Ильин говорил: то, что Господь во время, когда Иоанн Креститель еще был жив, посылает на землю другого пророка, большего, чем он, Своего Сына, не должно быть принято за свидетельство недостаточности Иоанна (что как раз подразумевалось в спорах между учениками его и Иисуса), нет, появление Иисуса Христа, Его проповедь означали иное, означали, что раньше Его, Сына Божьего и Спасителя, между Богом и людьми не было, и пока Его не было, человек не мог, не имел сил, чтобы одолеть грех. Это уже само по себе было как бы оправданием человека. Вещь необычайно важная и неожиданная для Бога, и Христос, избрав учениками людей, живших на земле той же простой жизнью, что и Он, тем самым утвердит этот оправдательный приговор.

Ильин говорил: три года ходил Иисус, проповедуя, по Израилю, и от них осталось не только то, что Он говорил своим ученикам и что через писание дошло и до нас, у этой части учения жизнь была наиболее прямая и естественная, но и сказанное Им тем евреям, которые за Ним не пошли, которые отвергли Его, и еще то, что понял за три года Он Сам. Споры Христа с фарисеями были необычайно важны и для народа, и для Христа, и для Бога. Вся последующая история не одних лишь евреев, но и христианского мира свернута в них.

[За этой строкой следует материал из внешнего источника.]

lemma pole_order_O_linear:
  assumes "h1 \<noteq> 0"
  shows "pole_order_O f d [:h0, h1:] = max (d * degree h0) (d * degree h1 + degree f)"
proof -
  have "degree [:h0, h1:] = 1"
    using assms by simp
  moreover have "{j. j \<le> 1 \<and> coeff [:h0, h1:] j \<noteq> 0} = (if h0 = 0 then {1} else {0, 1})"
    using assms by (auto simp: le_Suc_eq)
  ultimately show ?thesis
    unfolding pole_order_O_eq_Max_image by (cases "h0 = 0") simp_all
qed

lemma principal_multiple_vertical:
  assumes "0 < d" and "poly f a = 0"
  shows "principal_multiple f d a 0 d"
  unfolding principal_multiple_iff
proof (intro exI conjI)
  show "pole_order_O f d [:[:-a, 1:]:] = d"
    by (simp add: pole_order_O_const)
  show "vanishes_only_at f d [:[:-a, 1:]:] a 0"
    unfolding vanishes_only_at_def on_curve_def using assms by (auto simp: eval_cr_const)
qed (use assms in auto)

(* The norm of h0 + h1 y from K(C) down to K(x): the product of its conjugates
   h0 + h1 zeta^i y over the d-th roots of unity zeta^i. *)
definition linear_norm :: "'a::comm_ring_1 poly \<Rightarrow> nat \<Rightarrow> 'a poly \<Rightarrow> 'a poly \<Rightarrow> 'a poly" where
  "linear_norm f d h0 h1 = h0 ^ d - (- h1) ^ d * f"

lemma linear_norm_root_imp_zero:
  fixes f :: "'a::field poly"
  assumes "alg_closed TYPE('a)" and "0 < d" and "poly (linear_norm f d h0 h1) x = 0"
  shows "\<exists>y. on_curve f d x y \<and> eval_cr [:h0, h1:] x y = 0"
proof (cases "poly h1 x = 0")
  case True
  with assms(2,3) have "poly h0 x = 0"
    by (simp add: linear_norm_def power_0_left)
  moreover obtain y where "y ^ d = poly f x"
    using alg_closed_nth_root[OF assms(1,2)] by blast
  ultimately show ?thesis
    using True by (auto simp: on_curve_def eval_cr_linear)
next
  case False
  define y where "y = poly h0 x / (- poly h1 x)"
  have "y ^ d = poly h0 x ^ d / (- poly h1 x) ^ d"
    unfolding y_def by (rule power_divide)
  also have "\<dots> = poly f x"
    using assms(3) False by (simp add: linear_norm_def)
  finally have "y ^ d = poly f x" .
  moreover have "poly h0 x + poly h1 x * y = 0"
    unfolding y_def using False by simp
  ultimately show ?thesis
    by (auto simp: on_curve_def eval_cr_linear)
qed

lemma vanishes_only_at_linear_norm:
  fixes f :: "'a::field poly"
  assumes "alg_closed TYPE('a)" and "0 < d" and "vanishes_only_at f d [:h0, h1:] a b"
    and "linear_norm f d h0 h1 \<noteq> 0"
  shows "linear_norm f d h0 h1
    = smult (lead_coeff (linear_norm f d h0 h1)) ([:-a, 1:] ^ degree (linear_norm f d h0 h1))"
proof (rule alg_closed_single_root_imp_eq[OF assms(1,4)])
  fix x
  assume "poly (linear_norm f d h0 h1) x = 0"
  with assms(3) show "x = a"
    using linear_norm_root_imp_zero[OF assms(1,2)] unfolding vanishes_only_at_def by blast
qed

lemma vanishes_only_at_imp_zero:
  fixes f :: "'a::field poly"
  assumes ac: "alg_closed TYPE('a)" and "0 < d" and van: "vanishes_only_at f d [:h0, h1:] a b"
    and "0 < degree (linear_norm f d h0 h1)"
  shows "poly h0 a + poly h1 a * b = 0"
proof -
  have "linear_norm f d h0 h1 \<noteq> 0"
    using assms(4) by auto
  with assms(4) have "poly (linear_norm f d h0 h1) a = 0"
    by (subst vanishes_only_at_linear_norm[OF ac \<open>0 < d\<close> van]) (simp_all add: power_0_left)
  then obtain y where "on_curve f d a y" and "eval_cr [:h0, h1:] a y = 0"
    using linear_norm_root_imp_zero[OF ac \<open>0 < d\<close>] by blast
  moreover from van this have "y = b"
    unfolding vanishes_only_at_def by blast
  ultimately show ?thesis
    by (simp add: eval_cr_linear)
qed

lemma vanishes_only_at_euler_op_linear_norm:
  fixes f :: "'a::field poly"
  assumes "alg_closed TYPE('a)" and "0 < d" and "vanishes_only_at f d [:h0, h1:] a b"
    and "linear_norm f d h0 h1 \<noteq> 0"
  shows "euler_op (-a) (of_nat (degree (linear_norm f d h0 h1))) (linear_norm f d h0 h1) = 0"
  using vanishes_only_at_linear_norm[OF assms]
  by (metis euler_op_linear_power euler_op_smult smult_0_right)

lemma vanishes_only_at_no_common_root:
  fixes f :: "'a::field_char_0 poly"
  assumes "alg_closed TYPE('a)" and "1 < d" and "b \<noteq> 0"
    and "vanishes_only_at f d [:h0, h1:] a b" and "poly h0 x = 0"
  shows "poly h1 x \<noteq> 0"
proof
  assume "poly h1 x = 0"
  then have zero: "eval_cr [:h0, h1:] x y = 0" for y
    using assms(5) by (simp add: eval_cr_linear)
  obtain y where y: "y ^ d = poly f x"
    using alg_closed_nth_root[OF assms(1), of d "poly f x"] assms(2) by auto
  obtain \<zeta> :: 'a where \<zeta>: "\<zeta> ^ d = 1" "\<zeta> \<noteq> 1"
    using alg_closed_nontrivial_root_of_unity[OF assms(1,2)] by blast
  have "on_curve f d x y" and "on_curve f d x (\<zeta> * y)"
    using y \<zeta> by (simp_all add: on_curve_def power_mult_distrib)
  with assms(4) zero have "y = b" and "\<zeta> * y = b"
    unfolding vanishes_only_at_def by blast+
  then have "(\<zeta> - 1) * b = 0"
    by (simp add: algebra_simps)
  with \<zeta>(2) assms(3) show False
    by simp
qed

lemma vanishes_only_at_const_imp_degree_0:
  fixes f :: "'a::field_char_0 poly"
  assumes "alg_closed TYPE('a)" and "1 < d" and "b \<noteq> 0" and "vanishes_only_at f d [:h0:] a b"
  shows "degree h0 = 0"
proof (rule ccontr)
  assume "degree h0 \<noteq> 0"
  then obtain x where "poly h0 x = 0"
    using assms(1) unfolding alg_closed_def by blast
  with assms have "poly 0 x \<noteq> 0"
    by (intro vanishes_only_at_no_common_root[of d b f h0 0 a]) simp_all
  then show False
    by simp
qed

Какие выводы можно сделать из этих споров? Первое: прямолинейное развитие, формальная логика, примат внешнего ведет веру к юридическому кодексу, к тупику, но ясно и другое: единственное, ради чего живы фарисеи – Бог, все их помыслы и устремления – Он, весь их ригоризм – от преданности вере отцов. Я уже говорил, что истинность и правильность Закона, данного Моисею, Иисусом Христом нигде сомнению не подвергается, на Законе не лежит никакой вины за непонимание между Богом и народом. Иисус даже усиливает звучание Закона, продолжает его, хотя и в иную, более человечную, чем фарисеи, сторону. Но это как раз понятно: Он имеет право на толкование, Он Бог, они же имеют право только на строгое логическое выведение, простое продление. И всё же главное – не толкование Иисусом Закона и не судьба верных и праведных волнует Его в первую очередь. Он послан не к ним: «не здоровые имеют нужду во враче, но больные» (Матф., 9). Куда важнее другое знание, вынесенное Христом из земной жизни: единственное, что может помочь человеку, – чудо. Господь не утешает калек и больных, у Него для них нет слов. Он и не призывает их смириться. Он их лечит. Это суть: участь калек, увечных и бесноватых так ужасна, что без спасения слова – ничто. То, сколько чудес, самых разных, совершает Христос на земле, показывает, как необходимо чудо в мире, как целительно, и что без него нельзя. Творя чудеса, Господь исходит из убеждения, что мир страшен, и Он, Христос, послан спасти его.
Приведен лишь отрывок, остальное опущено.